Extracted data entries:
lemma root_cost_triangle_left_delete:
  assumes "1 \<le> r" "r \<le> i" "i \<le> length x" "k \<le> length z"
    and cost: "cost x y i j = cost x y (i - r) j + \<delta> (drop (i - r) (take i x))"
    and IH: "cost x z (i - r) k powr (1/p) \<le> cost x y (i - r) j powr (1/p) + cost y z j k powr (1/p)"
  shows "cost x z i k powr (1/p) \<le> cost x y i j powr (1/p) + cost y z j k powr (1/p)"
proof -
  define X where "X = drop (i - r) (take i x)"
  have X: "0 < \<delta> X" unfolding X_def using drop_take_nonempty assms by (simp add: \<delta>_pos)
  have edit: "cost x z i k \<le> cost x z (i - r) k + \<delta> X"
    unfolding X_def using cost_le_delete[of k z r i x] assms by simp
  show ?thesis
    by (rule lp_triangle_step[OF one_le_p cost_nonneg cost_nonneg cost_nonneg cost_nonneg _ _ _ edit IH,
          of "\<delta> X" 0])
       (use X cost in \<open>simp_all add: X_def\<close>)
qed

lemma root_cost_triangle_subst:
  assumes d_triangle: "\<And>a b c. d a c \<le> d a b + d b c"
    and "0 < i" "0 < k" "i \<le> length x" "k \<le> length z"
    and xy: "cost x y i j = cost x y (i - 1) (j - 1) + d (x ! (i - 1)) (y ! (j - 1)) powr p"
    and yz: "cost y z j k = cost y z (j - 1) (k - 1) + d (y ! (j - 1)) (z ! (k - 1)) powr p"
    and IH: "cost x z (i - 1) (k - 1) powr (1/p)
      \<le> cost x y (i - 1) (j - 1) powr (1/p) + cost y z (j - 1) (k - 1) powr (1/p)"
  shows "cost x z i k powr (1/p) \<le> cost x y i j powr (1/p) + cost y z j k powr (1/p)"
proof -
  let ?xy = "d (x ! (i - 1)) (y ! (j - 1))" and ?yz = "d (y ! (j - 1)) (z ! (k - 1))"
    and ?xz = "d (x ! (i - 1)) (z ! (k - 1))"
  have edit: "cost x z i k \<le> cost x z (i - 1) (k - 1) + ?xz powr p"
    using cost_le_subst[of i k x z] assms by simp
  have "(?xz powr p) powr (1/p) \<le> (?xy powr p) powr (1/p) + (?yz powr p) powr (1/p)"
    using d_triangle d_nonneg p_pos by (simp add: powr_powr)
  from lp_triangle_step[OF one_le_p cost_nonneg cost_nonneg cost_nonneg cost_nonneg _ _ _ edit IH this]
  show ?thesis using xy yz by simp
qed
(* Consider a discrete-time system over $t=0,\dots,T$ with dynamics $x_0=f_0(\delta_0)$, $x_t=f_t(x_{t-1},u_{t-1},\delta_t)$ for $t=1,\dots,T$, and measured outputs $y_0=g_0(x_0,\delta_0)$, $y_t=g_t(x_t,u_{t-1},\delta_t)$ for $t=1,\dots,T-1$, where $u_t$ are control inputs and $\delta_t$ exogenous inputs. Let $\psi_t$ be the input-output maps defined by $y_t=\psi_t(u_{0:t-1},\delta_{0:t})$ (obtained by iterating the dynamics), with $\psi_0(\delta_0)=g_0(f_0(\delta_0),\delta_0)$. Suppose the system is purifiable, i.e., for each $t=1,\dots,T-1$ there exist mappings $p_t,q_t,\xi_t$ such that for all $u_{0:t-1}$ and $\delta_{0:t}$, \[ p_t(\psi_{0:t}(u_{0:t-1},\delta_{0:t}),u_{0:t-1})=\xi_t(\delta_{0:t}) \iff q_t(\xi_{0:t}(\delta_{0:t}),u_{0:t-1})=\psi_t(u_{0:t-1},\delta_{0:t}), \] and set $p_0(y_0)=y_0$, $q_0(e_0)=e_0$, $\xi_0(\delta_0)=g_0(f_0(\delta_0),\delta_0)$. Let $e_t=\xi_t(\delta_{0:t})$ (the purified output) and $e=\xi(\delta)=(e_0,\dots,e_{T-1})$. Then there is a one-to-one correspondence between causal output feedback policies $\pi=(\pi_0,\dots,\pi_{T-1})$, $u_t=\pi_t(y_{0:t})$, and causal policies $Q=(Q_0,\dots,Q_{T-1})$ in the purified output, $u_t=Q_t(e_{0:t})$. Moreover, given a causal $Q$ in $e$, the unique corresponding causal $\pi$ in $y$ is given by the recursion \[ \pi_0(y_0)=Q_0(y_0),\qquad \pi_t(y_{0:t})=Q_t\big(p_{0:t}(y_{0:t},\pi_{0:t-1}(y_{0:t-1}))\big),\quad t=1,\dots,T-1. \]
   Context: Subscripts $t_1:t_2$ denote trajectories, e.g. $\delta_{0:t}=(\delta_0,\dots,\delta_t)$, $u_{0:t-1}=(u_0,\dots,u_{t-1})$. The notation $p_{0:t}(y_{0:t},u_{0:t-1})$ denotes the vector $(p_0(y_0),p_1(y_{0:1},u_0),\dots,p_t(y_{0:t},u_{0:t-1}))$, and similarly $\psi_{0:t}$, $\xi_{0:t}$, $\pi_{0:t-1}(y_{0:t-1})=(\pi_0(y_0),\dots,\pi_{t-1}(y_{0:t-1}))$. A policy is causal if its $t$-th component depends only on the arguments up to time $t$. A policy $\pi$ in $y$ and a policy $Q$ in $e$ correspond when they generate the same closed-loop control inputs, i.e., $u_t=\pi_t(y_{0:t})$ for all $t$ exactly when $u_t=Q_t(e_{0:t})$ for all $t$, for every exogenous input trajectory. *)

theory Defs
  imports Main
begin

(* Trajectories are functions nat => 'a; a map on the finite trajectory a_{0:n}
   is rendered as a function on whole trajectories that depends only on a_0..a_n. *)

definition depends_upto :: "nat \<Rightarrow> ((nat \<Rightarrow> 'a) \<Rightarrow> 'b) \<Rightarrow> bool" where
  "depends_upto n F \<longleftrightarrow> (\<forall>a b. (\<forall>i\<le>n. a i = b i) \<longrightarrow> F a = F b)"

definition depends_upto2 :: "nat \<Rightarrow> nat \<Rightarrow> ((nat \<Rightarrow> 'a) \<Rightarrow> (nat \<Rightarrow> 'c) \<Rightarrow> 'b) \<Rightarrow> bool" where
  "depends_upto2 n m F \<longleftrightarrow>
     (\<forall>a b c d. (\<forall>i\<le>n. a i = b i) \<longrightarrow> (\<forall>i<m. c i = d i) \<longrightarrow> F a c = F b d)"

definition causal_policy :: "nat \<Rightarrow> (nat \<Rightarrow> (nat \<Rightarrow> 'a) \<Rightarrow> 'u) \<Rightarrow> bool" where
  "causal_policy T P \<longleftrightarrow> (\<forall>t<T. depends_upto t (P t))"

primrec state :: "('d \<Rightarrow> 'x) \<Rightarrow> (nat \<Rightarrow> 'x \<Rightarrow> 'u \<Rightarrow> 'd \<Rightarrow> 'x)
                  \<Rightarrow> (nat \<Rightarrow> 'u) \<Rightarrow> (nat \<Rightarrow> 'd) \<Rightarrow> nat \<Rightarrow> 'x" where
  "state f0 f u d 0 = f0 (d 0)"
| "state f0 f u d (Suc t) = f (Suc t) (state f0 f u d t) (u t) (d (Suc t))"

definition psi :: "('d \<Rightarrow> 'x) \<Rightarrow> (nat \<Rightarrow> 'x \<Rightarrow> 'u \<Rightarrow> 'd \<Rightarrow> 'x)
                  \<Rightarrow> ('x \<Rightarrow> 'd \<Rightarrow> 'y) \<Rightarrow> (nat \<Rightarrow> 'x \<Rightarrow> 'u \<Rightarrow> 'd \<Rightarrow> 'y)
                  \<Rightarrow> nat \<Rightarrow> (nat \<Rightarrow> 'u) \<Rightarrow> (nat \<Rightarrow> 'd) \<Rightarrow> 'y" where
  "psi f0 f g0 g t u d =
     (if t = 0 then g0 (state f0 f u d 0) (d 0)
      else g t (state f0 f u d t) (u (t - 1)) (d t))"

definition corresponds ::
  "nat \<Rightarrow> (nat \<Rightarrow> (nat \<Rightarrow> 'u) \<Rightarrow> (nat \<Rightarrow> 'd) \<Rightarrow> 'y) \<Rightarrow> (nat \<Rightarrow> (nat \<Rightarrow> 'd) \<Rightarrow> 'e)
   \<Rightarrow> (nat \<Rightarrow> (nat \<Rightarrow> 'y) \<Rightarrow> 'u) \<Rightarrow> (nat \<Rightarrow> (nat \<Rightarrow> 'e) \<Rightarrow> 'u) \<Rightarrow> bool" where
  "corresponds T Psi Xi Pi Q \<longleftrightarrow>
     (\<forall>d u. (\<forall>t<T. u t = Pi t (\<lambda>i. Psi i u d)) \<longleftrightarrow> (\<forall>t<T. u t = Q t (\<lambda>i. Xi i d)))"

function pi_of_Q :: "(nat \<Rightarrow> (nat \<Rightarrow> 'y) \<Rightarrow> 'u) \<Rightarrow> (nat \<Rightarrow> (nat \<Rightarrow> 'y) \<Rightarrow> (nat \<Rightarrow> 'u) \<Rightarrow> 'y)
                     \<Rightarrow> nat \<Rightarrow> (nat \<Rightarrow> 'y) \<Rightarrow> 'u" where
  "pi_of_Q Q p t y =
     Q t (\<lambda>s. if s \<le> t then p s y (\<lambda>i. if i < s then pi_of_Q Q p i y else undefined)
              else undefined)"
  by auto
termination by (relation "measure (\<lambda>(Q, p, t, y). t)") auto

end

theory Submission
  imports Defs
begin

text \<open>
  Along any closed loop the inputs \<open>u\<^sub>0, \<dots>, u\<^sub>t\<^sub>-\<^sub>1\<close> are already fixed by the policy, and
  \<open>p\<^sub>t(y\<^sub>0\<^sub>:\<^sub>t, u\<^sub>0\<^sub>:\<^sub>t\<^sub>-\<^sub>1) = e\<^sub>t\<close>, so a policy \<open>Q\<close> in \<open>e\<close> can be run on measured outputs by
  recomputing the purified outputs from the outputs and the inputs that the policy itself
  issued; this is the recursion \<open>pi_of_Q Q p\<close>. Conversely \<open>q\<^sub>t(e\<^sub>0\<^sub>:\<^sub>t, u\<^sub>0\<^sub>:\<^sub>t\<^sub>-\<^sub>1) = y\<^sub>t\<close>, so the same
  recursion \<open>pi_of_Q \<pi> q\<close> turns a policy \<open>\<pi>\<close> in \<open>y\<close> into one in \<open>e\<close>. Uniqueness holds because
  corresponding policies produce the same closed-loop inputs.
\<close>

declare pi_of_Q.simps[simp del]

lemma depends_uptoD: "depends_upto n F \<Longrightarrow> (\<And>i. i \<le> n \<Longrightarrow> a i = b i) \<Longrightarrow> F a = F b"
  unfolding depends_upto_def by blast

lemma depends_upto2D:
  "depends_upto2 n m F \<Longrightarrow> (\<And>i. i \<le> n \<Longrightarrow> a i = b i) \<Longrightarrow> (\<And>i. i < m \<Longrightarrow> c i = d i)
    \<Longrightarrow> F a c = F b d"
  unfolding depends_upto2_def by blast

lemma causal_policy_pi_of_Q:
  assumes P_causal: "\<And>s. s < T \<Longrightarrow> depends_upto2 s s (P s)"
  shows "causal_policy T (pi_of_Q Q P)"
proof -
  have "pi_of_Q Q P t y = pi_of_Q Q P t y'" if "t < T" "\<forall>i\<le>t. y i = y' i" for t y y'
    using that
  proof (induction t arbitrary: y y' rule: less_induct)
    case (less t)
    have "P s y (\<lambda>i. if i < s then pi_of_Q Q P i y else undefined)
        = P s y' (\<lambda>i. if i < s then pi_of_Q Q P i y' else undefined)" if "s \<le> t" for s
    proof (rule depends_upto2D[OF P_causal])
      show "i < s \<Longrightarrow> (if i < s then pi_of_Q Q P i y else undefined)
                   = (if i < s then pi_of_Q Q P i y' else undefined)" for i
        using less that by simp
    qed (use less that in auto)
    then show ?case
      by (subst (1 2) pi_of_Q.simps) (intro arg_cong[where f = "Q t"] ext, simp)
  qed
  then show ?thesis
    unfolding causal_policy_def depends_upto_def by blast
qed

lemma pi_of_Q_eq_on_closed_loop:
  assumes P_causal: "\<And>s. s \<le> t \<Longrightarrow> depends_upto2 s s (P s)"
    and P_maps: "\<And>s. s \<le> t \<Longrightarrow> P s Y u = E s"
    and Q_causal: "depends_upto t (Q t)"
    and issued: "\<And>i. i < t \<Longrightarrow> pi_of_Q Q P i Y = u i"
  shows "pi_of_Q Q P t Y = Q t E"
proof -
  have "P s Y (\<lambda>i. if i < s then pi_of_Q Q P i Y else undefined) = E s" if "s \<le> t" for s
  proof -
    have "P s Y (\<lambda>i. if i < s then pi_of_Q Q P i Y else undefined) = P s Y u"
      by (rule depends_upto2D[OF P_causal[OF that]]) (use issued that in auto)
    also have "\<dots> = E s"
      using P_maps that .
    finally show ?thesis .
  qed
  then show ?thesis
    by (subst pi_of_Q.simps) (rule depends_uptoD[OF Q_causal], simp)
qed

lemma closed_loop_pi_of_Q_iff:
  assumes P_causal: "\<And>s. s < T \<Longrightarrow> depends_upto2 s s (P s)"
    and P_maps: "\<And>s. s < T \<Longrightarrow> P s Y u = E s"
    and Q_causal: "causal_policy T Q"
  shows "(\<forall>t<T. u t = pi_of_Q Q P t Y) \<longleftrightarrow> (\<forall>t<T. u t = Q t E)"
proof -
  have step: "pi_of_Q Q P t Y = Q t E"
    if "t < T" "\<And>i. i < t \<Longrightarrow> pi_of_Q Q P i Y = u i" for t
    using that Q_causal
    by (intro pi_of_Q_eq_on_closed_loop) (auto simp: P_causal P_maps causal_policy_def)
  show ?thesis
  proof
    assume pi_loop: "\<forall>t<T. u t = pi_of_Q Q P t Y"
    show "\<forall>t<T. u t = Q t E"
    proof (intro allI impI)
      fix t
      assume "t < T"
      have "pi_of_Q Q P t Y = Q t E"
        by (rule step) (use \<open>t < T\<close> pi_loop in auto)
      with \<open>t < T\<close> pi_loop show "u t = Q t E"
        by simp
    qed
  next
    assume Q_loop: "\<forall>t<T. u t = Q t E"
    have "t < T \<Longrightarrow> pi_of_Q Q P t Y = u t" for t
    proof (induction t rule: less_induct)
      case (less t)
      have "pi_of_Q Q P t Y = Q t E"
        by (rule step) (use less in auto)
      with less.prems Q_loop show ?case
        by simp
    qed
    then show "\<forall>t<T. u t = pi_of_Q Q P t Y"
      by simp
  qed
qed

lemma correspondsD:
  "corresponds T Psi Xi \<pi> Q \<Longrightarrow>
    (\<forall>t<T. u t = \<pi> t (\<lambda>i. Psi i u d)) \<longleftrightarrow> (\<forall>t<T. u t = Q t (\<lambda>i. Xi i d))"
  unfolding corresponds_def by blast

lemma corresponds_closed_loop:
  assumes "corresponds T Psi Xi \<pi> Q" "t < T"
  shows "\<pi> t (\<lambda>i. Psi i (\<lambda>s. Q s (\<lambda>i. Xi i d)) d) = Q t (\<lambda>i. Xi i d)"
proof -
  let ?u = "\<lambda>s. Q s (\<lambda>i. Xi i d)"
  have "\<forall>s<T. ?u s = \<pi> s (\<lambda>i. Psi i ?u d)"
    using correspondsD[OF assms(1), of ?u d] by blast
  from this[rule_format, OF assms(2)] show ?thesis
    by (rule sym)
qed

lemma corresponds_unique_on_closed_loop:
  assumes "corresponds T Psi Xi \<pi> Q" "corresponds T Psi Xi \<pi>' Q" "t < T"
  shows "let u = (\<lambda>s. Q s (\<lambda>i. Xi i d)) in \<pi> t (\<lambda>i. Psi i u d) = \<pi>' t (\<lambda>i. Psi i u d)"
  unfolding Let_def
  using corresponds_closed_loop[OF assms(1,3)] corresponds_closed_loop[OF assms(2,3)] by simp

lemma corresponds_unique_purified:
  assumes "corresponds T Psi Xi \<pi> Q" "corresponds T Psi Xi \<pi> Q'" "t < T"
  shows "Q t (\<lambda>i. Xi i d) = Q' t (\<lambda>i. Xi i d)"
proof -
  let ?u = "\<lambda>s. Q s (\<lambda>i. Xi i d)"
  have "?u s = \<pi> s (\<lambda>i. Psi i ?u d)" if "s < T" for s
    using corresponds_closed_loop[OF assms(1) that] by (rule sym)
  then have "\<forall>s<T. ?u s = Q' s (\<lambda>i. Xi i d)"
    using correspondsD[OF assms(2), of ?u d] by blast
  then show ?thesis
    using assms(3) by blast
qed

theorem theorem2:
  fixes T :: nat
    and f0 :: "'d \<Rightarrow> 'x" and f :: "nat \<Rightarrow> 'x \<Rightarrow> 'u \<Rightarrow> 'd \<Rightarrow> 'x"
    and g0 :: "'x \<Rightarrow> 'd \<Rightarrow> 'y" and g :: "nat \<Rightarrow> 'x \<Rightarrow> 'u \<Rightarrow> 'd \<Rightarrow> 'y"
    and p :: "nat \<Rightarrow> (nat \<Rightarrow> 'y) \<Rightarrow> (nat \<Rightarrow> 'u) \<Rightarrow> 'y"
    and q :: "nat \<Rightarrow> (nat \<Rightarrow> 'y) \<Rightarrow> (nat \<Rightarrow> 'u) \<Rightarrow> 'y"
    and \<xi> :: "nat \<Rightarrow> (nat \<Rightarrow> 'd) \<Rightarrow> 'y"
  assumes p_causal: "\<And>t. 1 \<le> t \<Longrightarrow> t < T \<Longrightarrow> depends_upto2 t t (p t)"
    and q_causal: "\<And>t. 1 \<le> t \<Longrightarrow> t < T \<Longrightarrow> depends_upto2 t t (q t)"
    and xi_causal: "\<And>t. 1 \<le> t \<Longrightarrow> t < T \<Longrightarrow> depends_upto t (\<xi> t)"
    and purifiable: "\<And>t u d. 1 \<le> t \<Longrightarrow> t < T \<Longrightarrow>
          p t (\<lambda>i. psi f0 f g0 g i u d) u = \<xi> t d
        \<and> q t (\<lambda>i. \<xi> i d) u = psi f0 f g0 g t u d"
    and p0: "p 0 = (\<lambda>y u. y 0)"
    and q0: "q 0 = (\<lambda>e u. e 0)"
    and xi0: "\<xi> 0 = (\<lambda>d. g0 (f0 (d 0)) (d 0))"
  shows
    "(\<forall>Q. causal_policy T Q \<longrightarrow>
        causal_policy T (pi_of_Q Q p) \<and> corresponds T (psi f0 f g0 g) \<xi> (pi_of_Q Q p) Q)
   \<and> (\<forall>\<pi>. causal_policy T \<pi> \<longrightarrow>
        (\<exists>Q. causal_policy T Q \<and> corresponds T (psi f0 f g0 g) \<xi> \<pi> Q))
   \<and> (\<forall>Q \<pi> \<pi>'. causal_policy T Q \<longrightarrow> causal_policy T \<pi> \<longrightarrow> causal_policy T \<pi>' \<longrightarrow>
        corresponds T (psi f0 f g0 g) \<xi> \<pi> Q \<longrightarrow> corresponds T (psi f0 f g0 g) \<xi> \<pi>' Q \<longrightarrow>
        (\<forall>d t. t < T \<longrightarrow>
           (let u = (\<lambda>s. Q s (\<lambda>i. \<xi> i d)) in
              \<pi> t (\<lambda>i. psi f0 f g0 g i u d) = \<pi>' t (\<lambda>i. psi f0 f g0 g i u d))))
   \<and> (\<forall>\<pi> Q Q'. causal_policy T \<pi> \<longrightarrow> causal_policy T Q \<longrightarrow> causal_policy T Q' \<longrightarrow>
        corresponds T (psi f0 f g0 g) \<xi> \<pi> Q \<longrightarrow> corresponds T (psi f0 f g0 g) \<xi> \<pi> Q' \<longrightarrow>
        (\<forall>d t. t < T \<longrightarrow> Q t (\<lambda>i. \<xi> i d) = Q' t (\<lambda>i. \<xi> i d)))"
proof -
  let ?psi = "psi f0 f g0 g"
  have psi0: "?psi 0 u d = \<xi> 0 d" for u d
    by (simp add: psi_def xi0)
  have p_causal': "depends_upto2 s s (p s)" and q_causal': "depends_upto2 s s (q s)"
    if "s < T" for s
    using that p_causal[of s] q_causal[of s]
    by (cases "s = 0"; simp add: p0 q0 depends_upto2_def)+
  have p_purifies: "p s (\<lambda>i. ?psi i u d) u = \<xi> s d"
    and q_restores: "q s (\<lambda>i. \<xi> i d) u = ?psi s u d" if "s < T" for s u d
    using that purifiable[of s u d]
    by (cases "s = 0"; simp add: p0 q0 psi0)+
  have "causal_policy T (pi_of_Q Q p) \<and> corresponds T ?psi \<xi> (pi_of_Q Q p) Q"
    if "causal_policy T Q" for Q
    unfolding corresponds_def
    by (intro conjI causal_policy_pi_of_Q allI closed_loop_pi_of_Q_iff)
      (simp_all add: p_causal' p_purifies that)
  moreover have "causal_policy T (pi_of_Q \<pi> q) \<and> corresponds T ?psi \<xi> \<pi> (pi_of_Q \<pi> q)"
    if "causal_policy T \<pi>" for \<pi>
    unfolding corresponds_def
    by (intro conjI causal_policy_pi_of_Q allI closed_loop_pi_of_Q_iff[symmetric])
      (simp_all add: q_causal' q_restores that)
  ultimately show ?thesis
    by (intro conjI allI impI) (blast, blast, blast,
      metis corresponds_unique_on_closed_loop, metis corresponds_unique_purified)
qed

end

YOUR GOAL:
Please output an exact copy of the lines above, from the opening line of the data down to the line that contains "(j - 1)) powr".

THE COMPLETED TASK:
lemma root_cost_triangle_left_delete:
  assumes "1 \<le> r" "r \<le> i" "i \<le> length x" "k \<le> length z"
    and cost: "cost x y i j = cost x y (i - r) j + \<delta> (drop (i - r) (take i x))"
    and IH: "cost x z (i - r) k powr (1/p) \<le> cost x y (i - r) j powr (1/p) + cost y z j k powr (1/p)"
  shows "cost x z i k powr (1/p) \<le> cost x y i j powr (1/p) + cost y z j k powr (1/p)"
proof -
  define X where "X = drop (i - r) (take i x)"
  have X: "0 < \<delta> X" unfolding X_def using drop_take_nonempty assms by (simp add: \<delta>_pos)
  have edit: "cost x z i k \<le> cost x z (i - r) k + \<delta> X"
    unfolding X_def using cost_le_delete[of k z r i x] assms by simp
  show ?thesis
    by (rule lp_triangle_step[OF one_le_p cost_nonneg cost_nonneg cost_nonneg cost_nonneg _ _ _ edit IH,
          of "\<delta> X" 0])
       (use X cost in \<open>simp_all add: X_def\<close>)
qed

lemma root_cost_triangle_subst:
  assumes d_triangle: "\<And>a b c. d a c \<le> d a b + d b c"
    and "0 < i" "0 < k" "i \<le> length x" "k \<le> length z"
    and xy: "cost x y i j = cost x y (i - 1) (j - 1) + d (x ! (i - 1)) (y ! (j - 1)) powr p"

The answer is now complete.